When a cat in a rescue center falls ill with feline panleukopenia it is a catastrophe for the other cats in the same facility because they might have come into contact with the cat who is very ill and because feline panleukopenia is highly contagious and often a fatal disease, veterinarians decide for the sake of safety to euthanise all the cats that may have come into contact with the sick cat.
This has happened in a shelter in Catawba, which I believe is in the state of North Carolina but somebody who knows better than me might wish to correct me.
Last weekend, shelter staff members found two cats at the county’s animal shelter who were dead in their cages. Tests concluded that the cats died of feline panleukopenia (feline distemper).
At that moment in time, and after, I suspect, a lot of thought and with a heavy heart, shelter staff decided to euthanize 87 cats who might have come into contact with either one of the two dead cats.
The shelter staff consulted with their veterinarian and weighed the potential for the virus to spread to other parts of the facility and into the community against the seriousness of extensive euthanasia, and decided to euthanize to minimize the risk of this nasty virus spreading.
This has happened before at another shelters and it will happen again but why should it happen? Does it have to happen?

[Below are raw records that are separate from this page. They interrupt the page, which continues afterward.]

text \<open>A recovering set for \<open>x\<^sub>i\<close> consisting of at least two columns uses up two columns,
  while a single column, whose \<open>t\<close> cells span a space of dimension at most \<open>t\<close>, is a
  recovering set for at most \<open>t\<close> symbols. Hence \<open>2pk \<le> pm + tm\<close>, i.e.
  \<open>k/m \<le> (p + t)/(2p) = (s + 1)/(2s)\<close>.

  Conversely, label binary columns by pairs \<open>(c, W)\<close> with \<open>c < p\<close> and \<open>W \<subseteq> {0..p-1}\<close>;
  row \<open>r < t - 1\<close> of column \<open>(c, W)\<close> holds \<open>x\<close> indexed by \<open>(c + r) mod p\<close>, and its last
  row holds the sum of the \<open>x\<^sub>l\<close> with \<open>l \<in> W\<close>. The symbol \<open>x\<^sub>i\<close> is read off a single column whenever it occurs
  among that column's shifts, and otherwise off the pair \<open>(c, W - {i})\<close>, \<open>(c, W \<union> {i})\<close> in the
  last row. This gives rate \<open>(p + t - 1)/(2p)\<close>, which tends to \<open>(s + 1)/(2s)\<close> as
  \<open>t \<rightarrow> \<infinity>\<close> with \<open>p = st\<close>.\<close>

section \<open>Unit vectors in the span of few rows\<close>

context cring
begin

definition unit_in_row_span :: "nat \<Rightarrow> (nat \<Rightarrow> 'c \<Rightarrow> 'a) \<Rightarrow> 'c set \<Rightarrow> 'c \<Rightarrow> bool" where
  "unit_in_row_span t v D i \<longleftrightarrow> (\<exists>\<alpha>. (\<forall>r<t. \<alpha> r \<in> carrier R) \<and>
     (\<forall>l\<in>D. (\<Oplus>r\<in>{..<t}. \<alpha> r \<otimes> v r l) = (if l = i then \<one> else \<zero>)))"

lemma finsum_lessThan_Suc:
  assumes "f \<in> {..t} \<rightarrow> carrier R"
  shows "(\<Oplus>r\<in>{..<Suc t}. f r) = (\<Oplus>r\<in>{..<t}. f r) \<oplus> f t"
proof -
  have "{..<Suc t} = insert t {..<t}" by auto
  then show ?thesis using assms by (simp add: finsum_insert Pi_def add.m_comm)
qed

lemma finsum_mult_add_mult:
  assumes "finite A" "\<forall>r\<in>A. \<alpha> r \<in> carrier R \<and> a r \<in> carrier R \<and> b r \<in> carrier R" "c \<in> carrier R"
  shows "(\<Oplus>r\<in>A. \<alpha> r \<otimes> (a r \<oplus> b r \<otimes> c)) = (\<Oplus>r\<in>A. \<alpha> r \<otimes> a r) \<oplus> (\<Oplus>r\<in>A. \<alpha> r \<otimes> b r) \<otimes> c"
  using assms
proof (induction A rule: finite_induct)
  case (insert x F)
  then show ?case by (simp add: Pi_def finsum_insert r_distr l_distr m_assoc add.m_ac)
qed simp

I don’t think we can criticize the veterinarian and the shelter staff for making their decision but I believe that we can criticize somebody at the shelter facility for taking into the facility two cats who carried panleuk or perhaps they got the disease from cats inside the shelter? It doesn’t change things.
If the consequences of introducing a sick cat to a shelter are this catastrophic surely it makes sense to have a quarantine area where new intakes can be held pending with certainty that they do no carry serious diseases.
There have been other outbreaks and the same sort of mass euthanasia in response, in other North Carolina shelters.
The root purpose of cat shelters is to save lives through adopting cats out to new caretakers.
To euthanise 87 cats, many of whom were no doubt excellent pets and healthy, is a complete failure of management.
Perhaps I am oversimplifying things. Perhaps I missed something important. I am not an USA cat shelter expert. But when foster carers of several cats pull a new cat from a shelter they have to make sure, at the outset, that the cat is not carrying a nasty contagious disease because they risk the lives of all the cats in their care.
Also adopters from shelters have to be sure that the cat they adopt is healthy. There seems to have been an oversight in this county shelter. How commonplace is this sort of risk?